Позднее она говорила: «После смерти моего бесценного Марселя Сердана, ровно через шесть месяцев, я пустилась во все тяжкие и докатилась до самой глубины бездны. Я обещала быть мужественной. Но я не выдержала удара и обратилась к наркотикам. Это наложило печать на всю мою последующую жизнь, которая и без того началась с ужаса и грязи…»

Как всегда, Пиаф спасла работа. И любовь. Без неё актриса не могла ни жить, ни петь. Именно поэтому её было так легко обмануть, и всё чаще она говорила: «Это ужасно. Ни на мгновение нельзя забыть, что ты Эдит Пиаф. Всё время хотят что-то урвать, а на тебя саму всем глубоко наплевать! Даже тот, кто лежит с тобой в постели, в голове крупными буквами держит: „Пиаф“».

Если она влюблялась в мужчину, то это всегда была любовь с первого взгляда. В любовь Пиаф вкладывала все свои душевные силы и всю свою страсть и нежность. Симона позже написала: «Она становилась просто дикой. Становилась требовательной, ревнивой, в ней просыпался собственник. В общем, когда она влюблялась, она была невыносимой».

Среди любовников Пиаф были также актёры Эдди Константин, Ив Монтан (один из немногих, кому она оставалась верна на всём протяжении их связи) и Джон Гарфилд.
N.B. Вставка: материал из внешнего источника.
(* Let $s,t$ be real numbers with $t \geq s > 0$. For each positive integer $n$, let $M_n$ denote the maximum of $|\det A|$ over all matrices $A \in \mathcal{G}_s^{n\times n}([0,t])$. Then $M_1 = t$, $M_2 = t^2$, and $M_n = t\,M_{n-1} + s^2 M_{n-2}$ for all integers $n > 2$.
   Context: For a real number $s$, a positive integer $n$ and a set $P \subseteq \mathbb{R}$, $\mathcal{G}_s^{n\times n}(P)$ denotes the set of all $n\times n$ real upper Hessenberg matrices $A=(a_{ij})$ with $a_{i+1,i} = s$ for $1\le i\le n-1$, $a_{ij}=0$ for $i > j+1$, and $a_{ij}\in P$ for all $i \le j$. *)

theory Defs
  imports "Jordan_Normal_Form.Determinant"
begin

definition hess_set :: "real \<Rightarrow> nat \<Rightarrow> real set \<Rightarrow> real mat set" where
  "hess_set s n P = {A \<in> carrier_mat n n.
     \<forall>i<n. \<forall>j<n. (i = Suc j \<longrightarrow> A $$ (i, j) = s)
                 \<and> (i > Suc j \<longrightarrow> A $$ (i, j) = 0)
                 \<and> (i \<le> j \<longrightarrow> A $$ (i, j) \<in> P)}"

text \<open>M_n: the maximum (supremum, shown attained in the theorem) of |det A|
  over G_s^{n x n}([0,t]).\<close>
definition max_abs_det :: "real \<Rightarrow> real \<Rightarrow> nat \<Rightarrow> real" where
  "max_abs_det s t n = Sup ((\<lambda>A. \<bar>det A\<bar>) ` hess_set s n {0..t})"

end

theory Submission
  imports Defs
begin

(* Expanding along the first column, det A = a_00 det C - s det B for the two minors C, B of
   the column; this is also the determinant of the matrix condense s A obtained by deleting the
   first column and replacing rows 0 and 1 by the single row a_00 (row 1) - s (row 0).
   Condensation preserves the Hessenberg shape, and if the first row lies in [-q, p] up to a
   global sign, the new first row lies in [-s p, t p + s q] up to sign.  Starting from
   (p, q) = (t, 0) this bounds |det A| by a quantity satisfying M_n = t M_(n-1) + s^2 M_(n-2);
   a matrix with entries alternating between t and 0 along its rows attains the bound. *)

definition condense :: "'a::comm_ring_1 \<Rightarrow> 'a mat \<Rightarrow> 'a mat" where
  "condense s A = mat (dim_row A - 1) (dim_col A - 1) (\<lambda>(i, j).
     if i = 0 then A $$ (0, 0) * A $$ (1, Suc j) - s * A $$ (0, Suc j) else A $$ (Suc i, Suc j))"

lemma det_condense:
  fixes A :: "'a::comm_ring_1 mat"
  assumes A: "A \<in> carrier_mat (Suc m) (Suc m)" and m: "0 < m"
    and col0: "A $$ (1, 0) = s" "\<And>i. 1 < i \<Longrightarrow> i \<le> m \<Longrightarrow> A $$ (i, 0) = 0"
  shows "det (condense s A) = det A"
proof -
  define C where "C = mat_delete A 0 0"
  define B where "B = mat_delete A 1 0"
  define K where "K = condense s A"
  have carrier: "C \<in> carrier_mat m m" "B \<in> carrier_mat m m" "K \<in> carrier_mat m m"
    using A unfolding C_def B_def K_def condense_def mat_delete_def by auto
  have "det A = (\<Sum>i<Suc m. A $$ (i, 0) * cofactor A i 0)"
    by (rule laplace_expansion_column[OF A]) simp
  also have "\<dots> = (\<Sum>i\<in>{0, 1}. A $$ (i, 0) * cofactor A i 0)"
    by (rule sum.mono_neutral_right) (use m col0 in auto)
  also have "\<dots> = A $$ (0, 0) * det C - s * det B"
    using col0 unfolding cofactor_def C_def B_def by simp
  finally have det_A: "det A = A $$ (0, 0) * det C - s * det B" .
  have same_minors: "cofactor K 0 j = cofactor C 0 j" "cofactor K 0 j = cofactor B 0 j"
    if "j < m" for j
    unfolding cofactor_def
    by (rule arg_cong[where f = "\<lambda>X. _ * det X"], rule eq_matI;
        use A that in \<open>auto simp: mat_delete_def condense_def K_def C_def B_def\<close>)+
  have row0: "K $$ (0, j) = A $$ (0, 0) * C $$ (0, j) - s * B $$ (0, j)" if "j < m" for j
    using A that m by (auto simp: mat_delete_def condense_def K_def B_def C_def)
  have "det K = (\<Sum>j<m. K $$ (0, j) * cofactor K 0 j)"
    by (rule laplace_expansion_row[OF carrier(3) m])
  also have "\<dots> = (\<Sum>j<m. A $$ (0, 0) * (C $$ (0, j) * cofactor C 0 j)
                         - s * (B $$ (0, j) * cofactor B 0 j))"
    by (rule sum.cong) (auto simp: row0 same_minors(1)[symmetric] same_minors(2)[symmetric] algebra_simps)
  also have "\<dots> = A $$ (0, 0) * det C - s * det B"
    by (simp add: laplace_expansion_row[OF carrier(1) m] laplace_expansion_row[OF carrier(2) m]
        sum_subtractf sum_distrib_left)
  finally show ?thesis using det_A K_def by simp
qed

fun hess_det_bound :: "real \<Rightarrow> real \<Rightarrow> nat \<Rightarrow> real \<Rightarrow> real \<Rightarrow> real" where
  "hess_det_bound s t 0 p q = 1"
| "hess_det_bound s t (Suc 0) p q = p"
| "hess_det_bound s t (Suc (Suc m)) p q = hess_det_bound s t (Suc m) (t * p + s * q) (s * p)"

lemma hess_det_bound_nonneg:
  "0 \<le> s \<Longrightarrow> 0 \<le> t \<Longrightarrow> 0 \<le> p \<Longrightarrow> 0 \<le> q \<Longrightarrow> 0 \<le> hess_det_bound s t n p q"
  by (induction s t n p q rule: hess_det_bound.induct) auto

lemma hess_det_bound_Suc_Suc_Suc:
  "hess_det_bound s t (Suc (Suc (Suc m))) p q
     = t * hess_det_bound s t (Suc (Suc m)) p q + s\<^sup>2 * hess_det_bound s t (Suc m) p q"
proof (induction m arbitrary: p q)
  case 0
  then show ?case by (simp add: algebra_simps power2_eq_square)
next
  case (Suc m)
  then show ?case by simp
qed

definition hess_set_row0 :: "real \<Rightarrow> real \<Rightarrow> nat \<Rightarrow> real \<Rightarrow> real \<Rightarrow> real mat set" where
  "hess_set_row0 s t n p q = {A \<in> carrier_mat n n.
     (\<forall>i<n. \<forall>j<n. (i = Suc j \<longrightarrow> A $$ (i, j) = s)
                 \<and> (i > Suc j \<longrightarrow> A $$ (i, j) = 0)
                 \<and> (0 < i \<and> i \<le> j \<longrightarrow> A $$ (i, j) \<in> {0..t}))
     \<and> (\<exists>\<sigma>\<in>{-1, 1}. \<forall>j<n. \<sigma> * A $$ (0, j) \<in> {-q..p})}"

lemma hess_set_subset_hess_set_row0: "hess_set s n {0..t} \<subseteq> hess_set_row0 s t n t 0"
  unfolding hess_set_def hess_set_row0_def by force

lemma condensed_entry_bounds:
  fixes s t p q a b c :: real
  assumes "0 \<le> s" "s \<le> t" "0 \<le> q" "q \<le> p"
    and "a \<in> {-q..p}" "b \<in> {-q..p}" "c \<in> {0..t}"
  shows "0 \<le> a \<Longrightarrow> a * c - s * b \<in> {-(s * p)..t * p + s * q}"
    and "a \<le> 0 \<Longrightarrow> -(a * c - s * b) \<in> {-(s * p)..t * p + s * q}"
proof -
  have sb: "-(s * q) \<le> s * b" "s * b \<le> s * p"
    using assms mult_left_mono[of "-q" b s] mult_left_mono[of b p s] by auto
  have sq: "s * q \<le> s * p" using assms by (simp add: mult_left_mono)
  show "a * c - s * b \<in> {-(s * p)..t * p + s * q}" if "0 \<le> a"
  proof -
    have "0 \<le> a * c" "a * c \<le> t * p"
      using that assms mult_mono[of a p c t] by (auto simp: mult.commute)
    then show ?thesis using sb by auto
  qed
  show "-(a * c - s * b) \<in> {-(s * p)..t * p + s * q}" if "a \<le> 0"
  proof -
    have "0 \<le> -a * c" "-a * c \<le> t * q"
      using that assms mult_mono[of "-a" q c t] by (auto simp: mult.commute mult_nonpos_nonneg)
    moreover have "t * q + s * p \<le> t * p + s * q"
      using mult_nonneg_nonneg[of "t - s" "p - q"] assms by (simp add: algebra_simps)
    ultimately show ?thesis using sb sq by auto
  qed
qed

lemma condense_in_hess_set_row0:
  assumes "0 \<le> s" "s \<le> t" "0 \<le> q" "q \<le> p"
    and A: "A \<in> hess_set_row0 s t (Suc (Suc k)) p q"
  shows "condense s A \<in> hess_set_row0 s t (Suc k) (t * p + s * q) (s * p)"
proof -
  obtain \<sigma> where carrier: "A \<in> carrier_mat (Suc (Suc k)) (Suc (Suc k))"
    and lower: "\<forall>i<Suc (Suc k). \<forall>j<Suc (Suc k).
        (i = Suc j \<longrightarrow> A $$ (i, j) = s) \<and> (i > Suc j \<longrightarrow> A $$ (i, j) = 0)
        \<and> (0 < i \<and> i \<le> j \<longrightarrow> A $$ (i, j) \<in> {0..t})"
    and \<sigma>: "\<sigma> \<in> {-1, 1}" "\<forall>j<Suc (Suc k). \<sigma> * A $$ (0, j) \<in> {-q..p}"
    using A unfolding hess_set_row0_def mem_Collect_eq by (elim conjE bexE) blast
  have entry: "condense s A $$ (i, j) = (if i = 0 then A $$ (0, 0) * A $$ (1, Suc j) - s * A $$ (0, Suc j)
                                         else A $$ (Suc i, Suc j))"
    if "i < Suc k" "j < Suc k" for i j
    using that carrier unfolding condense_def by auto
  define a where "a = \<sigma> * A $$ (0, 0)"
  define \<tau> where "\<tau> = (if 0 \<le> a then \<sigma> else - \<sigma>)"
  have "\<tau> * condense s A $$ (0, j) \<in> {-(s * p)..t * p + s * q}" if "j < Suc k" for j
  proof -
    have signed: "\<sigma> * condense s A $$ (0, j) = a * A $$ (1, Suc j) - s * (\<sigma> * A $$ (0, Suc j))"
      using entry[OF _ that] unfolding a_def by (simp add: algebra_simps)
    have "a \<in> {-q..p}" "\<sigma> * A $$ (0, Suc j) \<in> {-q..p}" "A $$ (1, Suc j) \<in> {0..t}"
      using \<sigma>(2)[rule_format] lower[rule_format, of 1 "Suc j"] that unfolding a_def by auto
    note bounds = condensed_entry_bounds[OF assms(1-4) this]
    show ?thesis
    proof (cases "0 \<le> a")
      case True
      then show ?thesis using bounds(1) signed unfolding \<tau>_def by simp
    next
      case False
      then show ?thesis using bounds(2) signed unfolding \<tau>_def by simp
    qed
  qed
  moreover have "\<tau> \<in> {-1, 1}" using \<sigma>(1) unfolding \<tau>_def by auto
  moreover have "condense s A \<in> carrier_mat (Suc k) (Suc k)"
    using carrier by (simp add: condense_def)
  moreover have "(i = Suc j \<longrightarrow> condense s A $$ (i, j) = s)
      \<and> (i > Suc j \<longrightarrow> condense s A $$ (i, j) = 0)
      \<and> (0 < i \<and> i \<le> j \<longrightarrow> condense s A $$ (i, j) \<in> {0..t})"
    if "i < Suc k" "j < Suc k" for i j
    using lower[rule_format, of "Suc i" "Suc j"] entry[OF that] that by auto
  ultimately show ?thesis unfolding hess_set_row0_def by blast
qed

lemma abs_det_le_hess_det_bound:
  "0 \<le> s \<Longrightarrow> s \<le> t \<Longrightarrow> 0 \<le> q \<Longrightarrow> q \<le> p \<Longrightarrow> A \<in> hess_set_row0 s t n p q
    \<Longrightarrow> \<bar>det A\<bar> \<le> hess_det_bound s t n p q"
proof (induction s t n p q arbitrary: A rule: hess_det_bound.induct)
  case (1 s t p q)
  then show ?case unfolding hess_set_row0_def by simp
next
  case (2 s t p q)
  then have A: "A \<in> carrier_mat 1 1" and "\<exists>\<sigma>\<in>{-1, 1}. \<sigma> * A $$ (0, 0) \<in> {-q..p}"
    unfolding hess_set_row0_def by auto
  then show ?case using det_single[OF A] 2 by auto
next
  case (3 s t k p q)
  have "det (condense s A) = det A"
    by (rule det_condense) (use "3.prems"(5) in \<open>auto simp: hess_set_row0_def\<close>)
  moreover have "\<bar>det (condense s A)\<bar> \<le> hess_det_bound s t (Suc k) (t * p + s * q) (s * p)"
  proof (rule "3.IH")
    have "0 \<le> p" using "3.prems" by linarith
    then show "0 \<le> s * p" using "3.prems" by simp
    have "s * p \<le> t * p" using mult_right_mono[OF "3.prems"(2) \<open>0 \<le> p\<close>] .
    moreover have "0 \<le> s * q" using "3.prems" by simp
    ultimately show "s * p \<le> t * p + s * q" by linarith
  qed (use "3.prems" condense_in_hess_set_row0 in auto)
  ultimately show ?case by simp
qed

(* Condensation maps this matrix to one of the same shape with (p, q) replaced by
   (t p + s q, s p), so every estimate behind abs_det_le_hess_det_bound is an equality for it. *)
definition hess_extremal :: "real \<Rightarrow> real \<Rightarrow> nat \<Rightarrow> real \<Rightarrow> real \<Rightarrow> real mat" where
  "hess_extremal s t n p q = mat n n (\<lambda>(i, j).
     if i = Suc j then s
     else if i \<le> j then (if even (j - i) then (if i = 0 then p else t) else (if i = 0 then -q else 0))
     else 0)"

lemma condense_hess_extremal:
  "condense s (hess_extremal s t (Suc (Suc k)) p q) = hess_extremal s t (Suc k) (t * p + s * q) (s * p)"
proof (rule eq_matI)
  fix i j assume "i < dim_row (hess_extremal s t (Suc k) (t * p + s * q) (s * p))"
    and "j < dim_col (hess_extremal s t (Suc k) (t * p + s * q) (s * p))"
  then have "i < Suc k" "j < Suc k" unfolding hess_extremal_def by auto
  then show "condense s (hess_extremal s t (Suc (Suc k)) p q) $$ (i, j)
      = hess_extremal s t (Suc k) (t * p + s * q) (s * p) $$ (i, j)"
    by (cases "i = 0"; cases "even j") (auto simp: condense_def hess_extremal_def algebra_simps)
qed (auto simp: condense_def hess_extremal_def)

lemma det_hess_extremal: "det (hess_extremal s t n p q) = hess_det_bound s t n p q"
proof (induction s t n p q rule: hess_det_bound.induct)
  case (1 s t p q)
  then show ?case by (simp add: hess_extremal_def)
next
  case (2 s t p q)
  have "hess_extremal s t 1 p q \<in> carrier_mat 1 1" unfolding hess_extremal_def by simp
  from det_single[OF this] show ?case by (simp add: hess_extremal_def)
next
  case (3 s t k p q)
  have "det (hess_extremal s t (Suc (Suc k)) p q) = det (condense s (hess_extremal s t (Suc (Suc k)) p q))"
    by (rule det_condense[symmetric]) (auto simp: hess_extremal_def)
  then show ?case using "3.IH" by (simp add: condense_hess_extremal)
qed

lemma hess_extremal_in_hess_set: "0 \<le> t \<Longrightarrow> hess_extremal s t n t 0 \<in> hess_set s n {0..t}"
  unfolding hess_set_def hess_extremal_def by auto

lemma abs_det_hess_set_le:
  assumes "0 \<le> s" "s \<le> t" and A: "A \<in> hess_set s n {0..t}"
  shows "\<bar>det A\<bar> \<le> hess_det_bound s t n t 0"
proof (rule abs_det_le_hess_det_bound)
  show "A \<in> hess_set_row0 s t n t 0" using A hess_set_subset_hess_set_row0 by blast
qed (use assms in auto)

lemma abs_det_hess_extremal:
  "0 \<le> s \<Longrightarrow> 0 \<le> t \<Longrightarrow> \<bar>det (hess_extremal s t n t 0)\<bar> = hess_det_bound s t n t 0"
  by (simp add: det_hess_extremal hess_det_bound_nonneg)

lemma max_abs_det_eq_hess_det_bound:
  assumes "0 \<le> s" "s \<le> t"
  shows "max_abs_det s t n = hess_det_bound s t n t 0"
  unfolding max_abs_det_def
proof (rule cSup_eq_maximum)
  have "0 \<le> t" using assms by linarith
  then show "hess_det_bound s t n t 0 \<in> (\<lambda>A. \<bar>det A\<bar>) ` hess_set s n {0..t}"
    using rev_image_eqI[OF hess_extremal_in_hess_set] abs_det_hess_extremal assms by metis
next
  fix x assume "x \<in> (\<lambda>A. \<bar>det A\<bar>) ` hess_set s n {0..t}"
  then obtain A where "A \<in> hess_set s n {0..t}" "x = \<bar>det A\<bar>" by blast
  then show "x \<le> hess_det_bound s t n t 0" using abs_det_hess_set_le[OF assms] by simp
qed

theorem theorem2p6:
  fixes s t :: real
  assumes "0 < s" and "s \<le> t"
  shows "(\<forall>n\<ge>1. (\<exists>A\<in>hess_set s n {0..t}. \<bar>det A\<bar> = max_abs_det s t n)
                \<and> (\<forall>A\<in>hess_set s n {0..t}. \<bar>det A\<bar> \<le> max_abs_det s t n))
         \<and> max_abs_det s t 1 = t
         \<and> max_abs_det s t 2 = t ^ 2
         \<and> (\<forall>n>2. max_abs_det s t n = t * max_abs_det s t (n - 1) + s ^ 2 * max_abs_det s t (n - 2))"
proof (intro conjI allI impI ballI)
  have st: "0 \<le> s" "s \<le> t" and t: "0 \<le> t" using assms by auto
  note M = max_abs_det_eq_hess_det_bound[OF st]
  fix n :: nat
  show "\<exists>A\<in>hess_set s n {0..t}. \<bar>det A\<bar> = max_abs_det s t n"
  proof
    show "hess_extremal s t n t 0 \<in> hess_set s n {0..t}" using t by (rule hess_extremal_in_hess_set)
    show "\<bar>det (hess_extremal s t n t 0)\<bar> = max_abs_det s t n"
      using st t by (simp add: M abs_det_hess_extremal)
  qed
  show "\<bar>det A\<bar> \<le> max_abs_det s t n" if "A \<in> hess_set s n {0..t}" for A
    using abs_det_hess_set_le[OF st that] by (simp add: M)
  show "max_abs_det s t 1 = t" "max_abs_det s t 2 = t ^ 2"
    by (simp_all add: M numeral_2_eq_2 power2_eq_square)
  assume "2 < n"
  define m where "m = n - 3"
  have n: "n = Suc (Suc (Suc m))" "n - 1 = Suc (Suc m)" "n - 2 = Suc m"
    using \<open>2 < n\<close> unfolding m_def by arith+
  show "max_abs_det s t n = t * max_abs_det s t (n - 1) + s ^ 2 * max_abs_det s t (n - 2)"
    unfolding n(2,3) M unfolding n(1) by (rule hess_det_bound_Suc_Suc_Suc)
qed

end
…Однажды на квартиру к Эдит пришёл некий Эдди Константин. Высокий парень объяснил, что написал английский вариант «Гимна любви». Эдит всегда нравились мужчины, которые без рассуждений приступали к делу. Она пригласила парня прийти ещё раз. Выяснилось, что у него бас, что он хотел бы петь и что в Америке у него остались жена и дочь. Эдит подготовила певца и уже через месяц взяла с собой в турне по США… Ни один мужчина не пощадил её, каждый отметил своим шрамом. Много лет спустя после кончины великой француженки популярный певец во всеуслышание заявил: связь с Эдит была «ошибкой его молодости».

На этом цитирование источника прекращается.